Says DigitalTrends about Google Bard: “It’s designed to simulate conversations with a human and uses a combination of natural language processing and machine learning, to provide realistic, and helpful responses to questions you might ask it.

Such tools may become particularly useful for smaller companies who want to offer natural language support to their customers without hiring large teams of support staff, or for augmenting Google’s own search tools.”

“Bard can be integrated into websites, messages platforms, applications on desktop and mobile, and a range of digital systems. At least it will be.

“It’s not readily available outside of a limited beta test run; at least for now,’ writes Jon Martindale of DigitalTrends.

“Bard generates text responses to questions asked based on information gathered from the web.”

Google CEO Sundar Pichai has said Bard technology would be integrated into its existing search capabilities. 

Some  aspects of the technology would be open to outside developers.

According to Wikipedia, the Chinese search engine firm Baidu announced in February 2023 that they would be launching a ChatGPT-style service called “Wenxin Yiyan” in Chinese or “ERNIE Bot” in English sometime in March 2023.

The service is based upon the language model developed by Baidu in 2019.

The South Korean search engine firm Naver announced also this month  it would be launching a ChatGPT-style service called “SearchGPT” in Korean in the first half of 2023.

This month too, the Russian search engine firm Yandex said it would launch a ChatGPT-style service called “YaLM 2.0” in Russian before the end of 2023.

La Salle professor of business Ben Teehankee says what is critical to check about ChatGPT is ”whether it is making some not-obvious mistakes.” 

He notes that “ChatGPT is fluent, but not always factual.  What it gets right is a mathematical accident based on the data fed to it. It’s like a precocious child who has listened to so many adult and expert conversations and then, when asked a question, gets the most common combination it has heard, and spouts it.”

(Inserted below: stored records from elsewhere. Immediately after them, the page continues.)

(* Let $g\colon\mathbb{S}^1\to\mathbb{S}^1$ be an orientation-preserving homeomorphism. If $x,y\in Z_1$, then either $d_Z(\iota_1(x),\iota_1(y))=\sigma(x,y)$, or there exist $w,w'\in\mathbb{S}^1$ with $$d_Z(\iota_1(x),\iota_1(y))=\sigma(x,w)+d_Z(\iota_1(w),\iota_1(w'))+\sigma(w',y)\le\sigma(x,y).$$ The corresponding statement holds for $x,y\in Z_2$ (with $\iota_2$). Moreover, if $x\in Z_1$ and $y\in Z_2$, there exist $w,w'\in\mathbb{S}^1$ with $$d_Z(\iota_1(x),\iota_2(y))=\sigma(x,w)+d_Z(\iota_1(w),\iota_1(w'))+\sigma(g(w'),y).$$
   Context: Let $\mathbb{S}^2\subset\mathbb{R}^3$ be the unit sphere with great-circle distance $\sigma$, $\mathbb{S}^1$ the equator, $Z_1,Z_2$ the open southern and northern hemispheres. For an orientation-preserving homeomorphism $g\colon\mathbb{S}^1\to\mathbb{S}^1$, $Z$ is obtained from $\overline Z_1\sqcup\overline Z_2$ by identifying $z\in\mathbb{S}^1\subset\overline Z_1$ with $g(z)\in\mathbb{S}^1\subset\overline Z_2$, with maps $\iota_i\colon\overline Z_i\to Z$. Define $D(x,y)=\infty$ if one point is in $\iota_1(Z_1)$ and the other in $\iota_2(Z_2)$; $D(\iota_1(a),\iota_1(b))=\min\{\sigma(a,b),\sigma(g(a),g(b))\}$ for $a,b\in\mathbb{S}^1$; otherwise $D(x,y)=\sigma(\iota_i^{-1}(x),\iota_i^{-1}(y))$ for the common $i$. $d_Z(x,y)=\inf\sum_{k=1}^nD(x_k,x_{k+1})$ over finite chains $x=x_1,\dots,x_{n+1}=y$. *)

theory Defs
  imports "HOL-Analysis.Analysis" "HOL-Library.Extended_Real"
begin

type_synonym pt = "real^3"

definition S2 :: "pt set" where "S2 = {x. norm x = 1}"
definition S1 :: "pt set" where "S1 = {x \<in> S2. x$3 = 0}"
definition Z1 :: "pt set" where "Z1 = {x \<in> S2. x$3 < 0}"
definition Z2 :: "pt set" where "Z2 = {x \<in> S2. x$3 > 0}"
definition cZ1 :: "pt set" where "cZ1 = {x \<in> S2. x$3 \<le> 0}"
definition cZ2 :: "pt set" where "cZ2 = {x \<in> S2. x$3 \<ge> 0}"

definition sigma :: "pt \<Rightarrow> pt \<Rightarrow> real" where "sigma a b = arccos (a \<bullet> b)"

definition eq_param :: "real \<Rightarrow> pt" where "eq_param t = vector [cos t, sin t, 0]"

definition orientation_preserving :: "(pt \<Rightarrow> pt) \<Rightarrow> bool" where
  "orientation_preserving g \<longleftrightarrow>
     (\<exists>F::real \<Rightarrow> real. continuous_on UNIV F \<and> strict_mono F \<and>
        (\<forall>t. F (t + 2*pi) = F t + 2*pi) \<and> (\<forall>t. g (eq_param t) = eq_param (F t)))"

definition carrier_Z :: "(pt + pt) set" where "carrier_Z = Inl ` cZ1 \<union> Inr ` cZ2"

definition glue_rel :: "(pt \<Rightarrow> pt) \<Rightarrow> ((pt + pt) \<times> (pt + pt)) set" where
  "glue_rel g = {(u, v). u \<in> carrier_Z \<and> v \<in> carrier_Z \<and>
      (u = v \<or> (\<exists>z\<in>S1. (u = Inl z \<and> v = Inr (g z)) \<or> (u = Inr (g z) \<and> v = Inl z)))}"

definition Zspace :: "(pt \<Rightarrow> pt) \<Rightarrow> (pt + pt) set set" where
  "Zspace g = carrier_Z // glue_rel g"

definition iota1 :: "(pt \<Rightarrow> pt) \<Rightarrow> pt \<Rightarrow> (pt + pt) set" where
  "iota1 g a = glue_rel g `` {Inl a}"
definition iota2 :: "(pt \<Rightarrow> pt) \<Rightarrow> pt \<Rightarrow> (pt + pt) set" where
  "iota2 g b = glue_rel g `` {Inr b}"

definition iota1_inv :: "(pt \<Rightarrow> pt) \<Rightarrow> (pt + pt) set \<Rightarrow> pt" where
  "iota1_inv g x = the_inv_into cZ1 (iota1 g) x"
definition iota2_inv :: "(pt \<Rightarrow> pt) \<Rightarrow> (pt + pt) set \<Rightarrow> pt" where
  "iota2_inv g x = the_inv_into cZ2 (iota2 g) x"

definition Dz :: "(pt \<Rightarrow> pt) \<Rightarrow> (pt + pt) set \<Rightarrow> (pt + pt) set \<Rightarrow> ereal" where
  "Dz g x y =
    (if (x \<in> iota1 g ` Z1 \<and> y \<in> iota2 g ` Z2) \<or> (x \<in> iota2 g ` Z2 \<and> y \<in> iota1 g ` Z1) then \<infinity>
     else if x \<in> iota1 g ` S1 \<and> y \<in> iota1 g ` S1 then
       ereal (min (sigma (iota1_inv g x) (iota1_inv g y))
                  (sigma (g (iota1_inv g x)) (g (iota1_inv g y))))
     else if x \<in> iota1 g ` cZ1 \<and> y \<in> iota1 g ` cZ1 then
       ereal (sigma (iota1_inv g x) (iota1_inv g y))
     else ereal (sigma (iota2_inv g x) (iota2_inv g y)))"

text \<open>The chain pseudometric: chains x = x_1, ..., x_(n+1) = y with n \<ge> 1,
  written as x # ps @ [y] with intermediate points ps in Z.\<close>
definition dZ :: "(pt \<Rightarrow> pt) \<Rightarrow> (pt + pt) set \<Rightarrow> (pt + pt) set \<Rightarrow> ereal" where
  "dZ g x y = Inf {sum_list (map2 (Dz g) (x # ps) (ps @ [y])) | ps. set ps \<subseteq> Zspace g}"

end

theory Submission
  imports Defs
begin

(* A chain in Z from a point x of an open hemisphere either avoids the equator, and then the
   spherical triangle inequality bounds its cost below by sigma(x, y), or it has a first and a last
   equator point w and w'; the part in between is itself a chain from w to w', so the cost is at
   least sigma(x, w) + d_Z(w, w') plus the cost of leaving w' towards y. On the compact equator
   d_Z is Lipschitz with respect to sigma, so these route costs attain their minimum, which
   therefore realises the infimum defining d_Z. *)

lemma inner_S2_bounds:
  assumes "u \<in> S2" "v \<in> S2"
  shows "-1 \<le> u \<bullet> v" "u \<bullet> v \<le> 1"
  using Cauchy_Schwarz_ineq2[of u v] assms by (auto simp: S2_def abs_le_iff)

lemma sigma_nonneg: "u \<in> S2 \<Longrightarrow> v \<in> S2 \<Longrightarrow> 0 \<le> sigma u v"
  unfolding sigma_def using inner_S2_bounds arccos_lbound by blast

lemma sigma_le_pi: "u \<in> S2 \<Longrightarrow> v \<in> S2 \<Longrightarrow> sigma u v \<le> pi"
  unfolding sigma_def using inner_S2_bounds arccos_ubound by blast

lemma sigma_self: "u \<in> S2 \<Longrightarrow> sigma u u = 0"
  unfolding sigma_def S2_def by (simp add: dot_square_norm)

lemma sigma_commute: "sigma u v = sigma v u"
  unfolding sigma_def by (simp add: inner_commute)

Other comments as gathered by Wikipedia:

James Vincent of The Verge website saw the viral success of ChatGPT as evidence that artificial intelligence had gone mainstream.

Journalists have commented on ChatGPT’s tendency to “hallucinate” (make mistakes). 

Mike Pearl of the online technology blog Mashable tested ChatGPT with multiple questions.

He asked ChatGPT for “the largest country in Central America that isn’t Mexico.” ChatGPT responded with Guatemala, when the answer is instead Nicaragua.

When CNBC asked ChatGPT for the lyrics to “The Ballad of Dwight Fry,” ChatGPT supplied invented lyrics rather than the actual lyrics. 

Researchers cited by The Verge compared ChatGPT to a “stochastic parrot”.

In December 2022, the question and answer website Stack Overflow banned the use of ChatGPT for generating answers to questions, citing the factually ambiguous nature of ChatGPT’s responses. 

In January 2023, the International Conference on Machine Learning banned any undocumented use of ChatGPT or other large language models to generate any text in submitted papers.

An editor at The Guardian, a British newspaper, questioned whether any content found on the Internet after ChatGPT’s release “can be truly trusted” and called for government regulation.